## Action item
Pick out each line of the records in which the word "mass" appears.

## Task material
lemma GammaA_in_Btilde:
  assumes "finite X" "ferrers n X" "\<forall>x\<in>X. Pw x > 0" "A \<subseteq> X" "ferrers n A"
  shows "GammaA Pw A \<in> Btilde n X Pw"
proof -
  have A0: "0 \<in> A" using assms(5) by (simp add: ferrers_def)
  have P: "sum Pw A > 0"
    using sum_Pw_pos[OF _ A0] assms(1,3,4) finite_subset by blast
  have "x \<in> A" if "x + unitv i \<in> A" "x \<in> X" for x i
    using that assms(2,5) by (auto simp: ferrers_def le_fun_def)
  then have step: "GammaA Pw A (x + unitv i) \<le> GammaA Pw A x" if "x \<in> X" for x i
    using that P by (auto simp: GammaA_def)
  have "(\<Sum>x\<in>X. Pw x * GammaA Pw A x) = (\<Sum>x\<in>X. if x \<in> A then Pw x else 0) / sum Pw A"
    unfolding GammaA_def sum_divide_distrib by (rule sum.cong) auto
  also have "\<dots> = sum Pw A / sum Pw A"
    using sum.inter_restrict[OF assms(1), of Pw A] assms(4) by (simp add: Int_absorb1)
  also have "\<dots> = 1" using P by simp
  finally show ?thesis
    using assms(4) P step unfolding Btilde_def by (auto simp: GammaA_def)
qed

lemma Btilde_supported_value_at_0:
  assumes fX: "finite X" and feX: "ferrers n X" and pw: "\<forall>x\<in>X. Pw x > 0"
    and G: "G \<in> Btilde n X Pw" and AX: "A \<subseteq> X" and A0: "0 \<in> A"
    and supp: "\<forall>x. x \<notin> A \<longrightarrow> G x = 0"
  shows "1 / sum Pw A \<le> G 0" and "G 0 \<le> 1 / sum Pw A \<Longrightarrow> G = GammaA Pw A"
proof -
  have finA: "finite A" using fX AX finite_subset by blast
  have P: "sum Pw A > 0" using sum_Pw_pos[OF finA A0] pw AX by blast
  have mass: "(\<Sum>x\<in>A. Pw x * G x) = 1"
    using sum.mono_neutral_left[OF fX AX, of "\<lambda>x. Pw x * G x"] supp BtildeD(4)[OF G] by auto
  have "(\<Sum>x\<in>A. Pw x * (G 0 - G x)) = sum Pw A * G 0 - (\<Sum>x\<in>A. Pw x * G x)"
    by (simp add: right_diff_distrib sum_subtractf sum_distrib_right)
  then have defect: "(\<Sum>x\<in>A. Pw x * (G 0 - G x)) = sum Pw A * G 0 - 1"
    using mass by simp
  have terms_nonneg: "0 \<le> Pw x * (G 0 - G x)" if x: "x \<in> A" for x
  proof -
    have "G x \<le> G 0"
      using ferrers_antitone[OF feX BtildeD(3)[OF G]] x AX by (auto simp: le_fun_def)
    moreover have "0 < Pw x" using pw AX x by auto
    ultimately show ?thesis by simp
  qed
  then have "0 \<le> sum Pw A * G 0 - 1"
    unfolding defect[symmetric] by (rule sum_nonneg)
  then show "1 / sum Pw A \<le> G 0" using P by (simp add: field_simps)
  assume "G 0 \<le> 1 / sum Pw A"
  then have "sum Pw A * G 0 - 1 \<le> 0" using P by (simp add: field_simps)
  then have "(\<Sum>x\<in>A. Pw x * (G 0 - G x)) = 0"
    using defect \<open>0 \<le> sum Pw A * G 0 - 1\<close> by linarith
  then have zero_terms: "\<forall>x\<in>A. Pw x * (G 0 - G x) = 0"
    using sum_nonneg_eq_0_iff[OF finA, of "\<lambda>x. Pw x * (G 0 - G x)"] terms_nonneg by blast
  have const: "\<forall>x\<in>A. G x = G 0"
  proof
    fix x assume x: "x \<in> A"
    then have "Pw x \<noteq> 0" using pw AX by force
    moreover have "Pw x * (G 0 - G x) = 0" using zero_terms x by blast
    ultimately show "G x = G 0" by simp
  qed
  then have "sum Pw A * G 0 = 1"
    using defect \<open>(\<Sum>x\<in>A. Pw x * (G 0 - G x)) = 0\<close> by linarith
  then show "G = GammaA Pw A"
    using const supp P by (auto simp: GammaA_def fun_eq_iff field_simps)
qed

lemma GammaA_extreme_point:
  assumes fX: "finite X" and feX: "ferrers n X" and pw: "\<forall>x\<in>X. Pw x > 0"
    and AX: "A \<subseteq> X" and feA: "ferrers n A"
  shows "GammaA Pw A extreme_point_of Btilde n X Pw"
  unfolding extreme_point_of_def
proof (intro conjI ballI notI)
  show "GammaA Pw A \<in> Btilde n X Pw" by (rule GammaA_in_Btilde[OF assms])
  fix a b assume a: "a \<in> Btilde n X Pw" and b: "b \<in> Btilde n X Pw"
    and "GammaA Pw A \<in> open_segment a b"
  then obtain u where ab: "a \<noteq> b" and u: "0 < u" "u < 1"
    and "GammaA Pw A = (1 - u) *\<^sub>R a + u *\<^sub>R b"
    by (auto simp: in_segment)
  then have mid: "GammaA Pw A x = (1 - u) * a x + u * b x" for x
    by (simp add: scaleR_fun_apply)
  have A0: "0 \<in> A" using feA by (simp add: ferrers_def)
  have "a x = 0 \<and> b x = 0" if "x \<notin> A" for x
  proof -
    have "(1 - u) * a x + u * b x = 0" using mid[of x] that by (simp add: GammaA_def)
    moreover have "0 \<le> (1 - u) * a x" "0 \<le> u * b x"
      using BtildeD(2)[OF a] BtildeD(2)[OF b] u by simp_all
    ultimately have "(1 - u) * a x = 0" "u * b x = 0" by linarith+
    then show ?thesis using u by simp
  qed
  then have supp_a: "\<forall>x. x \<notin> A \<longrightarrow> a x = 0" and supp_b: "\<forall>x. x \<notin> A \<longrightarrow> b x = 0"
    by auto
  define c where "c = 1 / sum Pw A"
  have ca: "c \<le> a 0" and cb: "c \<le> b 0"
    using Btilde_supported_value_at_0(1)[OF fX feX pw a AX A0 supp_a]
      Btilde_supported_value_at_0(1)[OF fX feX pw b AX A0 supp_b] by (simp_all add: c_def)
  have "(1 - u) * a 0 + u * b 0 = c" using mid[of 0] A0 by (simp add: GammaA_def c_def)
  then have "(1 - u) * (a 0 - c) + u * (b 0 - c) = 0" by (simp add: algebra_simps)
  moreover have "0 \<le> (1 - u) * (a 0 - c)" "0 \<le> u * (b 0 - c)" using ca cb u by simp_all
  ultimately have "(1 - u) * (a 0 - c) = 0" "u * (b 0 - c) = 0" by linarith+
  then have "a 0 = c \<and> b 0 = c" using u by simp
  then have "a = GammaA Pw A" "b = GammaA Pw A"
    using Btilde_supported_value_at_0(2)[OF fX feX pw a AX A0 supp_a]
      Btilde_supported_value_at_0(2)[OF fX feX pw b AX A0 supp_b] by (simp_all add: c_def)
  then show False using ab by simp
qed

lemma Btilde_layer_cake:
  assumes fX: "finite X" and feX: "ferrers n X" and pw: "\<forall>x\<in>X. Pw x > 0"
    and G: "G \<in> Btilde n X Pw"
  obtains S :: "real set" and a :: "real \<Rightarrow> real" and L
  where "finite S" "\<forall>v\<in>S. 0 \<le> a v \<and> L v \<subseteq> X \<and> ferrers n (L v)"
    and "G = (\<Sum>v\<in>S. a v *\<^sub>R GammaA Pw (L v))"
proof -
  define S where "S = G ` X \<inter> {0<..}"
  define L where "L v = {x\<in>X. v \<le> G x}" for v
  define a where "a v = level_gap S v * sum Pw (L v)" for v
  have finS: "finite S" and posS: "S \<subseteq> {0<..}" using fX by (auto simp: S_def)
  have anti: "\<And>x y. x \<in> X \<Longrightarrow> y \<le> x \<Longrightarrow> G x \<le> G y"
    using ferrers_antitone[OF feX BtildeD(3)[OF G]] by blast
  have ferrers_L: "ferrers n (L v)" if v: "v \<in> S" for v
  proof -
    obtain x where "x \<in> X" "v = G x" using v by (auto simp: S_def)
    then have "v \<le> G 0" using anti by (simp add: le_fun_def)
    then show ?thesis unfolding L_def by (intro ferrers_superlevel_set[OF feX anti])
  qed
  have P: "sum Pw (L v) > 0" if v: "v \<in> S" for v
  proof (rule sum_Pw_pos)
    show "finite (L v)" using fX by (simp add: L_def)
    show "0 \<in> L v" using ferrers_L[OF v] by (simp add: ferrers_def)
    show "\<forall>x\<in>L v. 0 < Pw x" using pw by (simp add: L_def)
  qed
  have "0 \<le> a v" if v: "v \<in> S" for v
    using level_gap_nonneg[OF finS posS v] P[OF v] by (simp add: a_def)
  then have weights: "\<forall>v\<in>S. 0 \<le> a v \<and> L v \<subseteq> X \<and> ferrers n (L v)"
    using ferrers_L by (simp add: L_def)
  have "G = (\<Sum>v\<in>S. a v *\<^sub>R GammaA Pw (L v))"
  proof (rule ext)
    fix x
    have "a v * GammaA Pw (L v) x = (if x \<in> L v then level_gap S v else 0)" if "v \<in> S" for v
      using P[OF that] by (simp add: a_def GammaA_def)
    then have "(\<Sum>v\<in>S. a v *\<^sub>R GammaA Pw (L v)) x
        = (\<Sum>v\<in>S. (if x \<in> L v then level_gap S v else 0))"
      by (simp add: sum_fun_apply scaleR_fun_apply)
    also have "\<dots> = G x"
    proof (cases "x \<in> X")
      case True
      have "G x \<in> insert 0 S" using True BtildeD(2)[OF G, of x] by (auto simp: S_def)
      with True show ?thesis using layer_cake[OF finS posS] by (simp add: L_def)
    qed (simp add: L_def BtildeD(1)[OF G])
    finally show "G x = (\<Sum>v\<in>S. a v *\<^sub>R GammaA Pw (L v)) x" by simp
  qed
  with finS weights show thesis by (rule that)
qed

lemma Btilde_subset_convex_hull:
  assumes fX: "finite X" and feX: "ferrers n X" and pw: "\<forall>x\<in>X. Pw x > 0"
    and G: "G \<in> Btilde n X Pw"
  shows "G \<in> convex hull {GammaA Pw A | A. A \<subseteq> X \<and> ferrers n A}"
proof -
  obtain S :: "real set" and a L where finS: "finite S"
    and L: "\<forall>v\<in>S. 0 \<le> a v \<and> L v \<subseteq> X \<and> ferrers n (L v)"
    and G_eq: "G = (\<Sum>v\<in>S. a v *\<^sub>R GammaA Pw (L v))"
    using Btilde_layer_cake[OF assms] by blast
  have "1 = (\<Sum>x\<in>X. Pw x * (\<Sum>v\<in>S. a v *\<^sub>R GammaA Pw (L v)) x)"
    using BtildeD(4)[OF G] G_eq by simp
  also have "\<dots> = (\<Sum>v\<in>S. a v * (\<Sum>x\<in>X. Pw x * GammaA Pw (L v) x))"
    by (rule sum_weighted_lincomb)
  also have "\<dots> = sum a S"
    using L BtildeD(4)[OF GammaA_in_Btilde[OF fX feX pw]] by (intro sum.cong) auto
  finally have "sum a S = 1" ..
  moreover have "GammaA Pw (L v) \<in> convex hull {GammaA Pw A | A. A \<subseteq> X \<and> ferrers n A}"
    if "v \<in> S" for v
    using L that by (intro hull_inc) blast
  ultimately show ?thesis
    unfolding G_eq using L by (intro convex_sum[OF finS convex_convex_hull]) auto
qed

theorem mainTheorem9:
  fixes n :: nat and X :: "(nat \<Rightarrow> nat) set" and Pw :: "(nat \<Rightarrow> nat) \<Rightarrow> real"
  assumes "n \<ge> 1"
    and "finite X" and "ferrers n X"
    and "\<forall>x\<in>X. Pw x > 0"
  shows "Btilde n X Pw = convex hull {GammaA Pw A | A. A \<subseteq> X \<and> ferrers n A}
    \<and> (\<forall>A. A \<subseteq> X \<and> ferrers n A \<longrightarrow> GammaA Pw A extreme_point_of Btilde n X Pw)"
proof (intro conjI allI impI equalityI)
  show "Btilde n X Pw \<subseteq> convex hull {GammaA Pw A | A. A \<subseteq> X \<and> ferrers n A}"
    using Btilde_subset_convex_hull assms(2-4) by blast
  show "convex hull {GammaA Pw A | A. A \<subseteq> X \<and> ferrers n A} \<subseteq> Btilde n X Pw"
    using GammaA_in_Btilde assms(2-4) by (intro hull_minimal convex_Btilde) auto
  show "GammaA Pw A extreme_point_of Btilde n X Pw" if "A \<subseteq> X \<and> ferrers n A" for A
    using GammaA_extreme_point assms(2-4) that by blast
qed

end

## Answer for the task
  have mass: "(\<Sum>x\<in>A. Pw x * G x) = 1"
    using mass by simp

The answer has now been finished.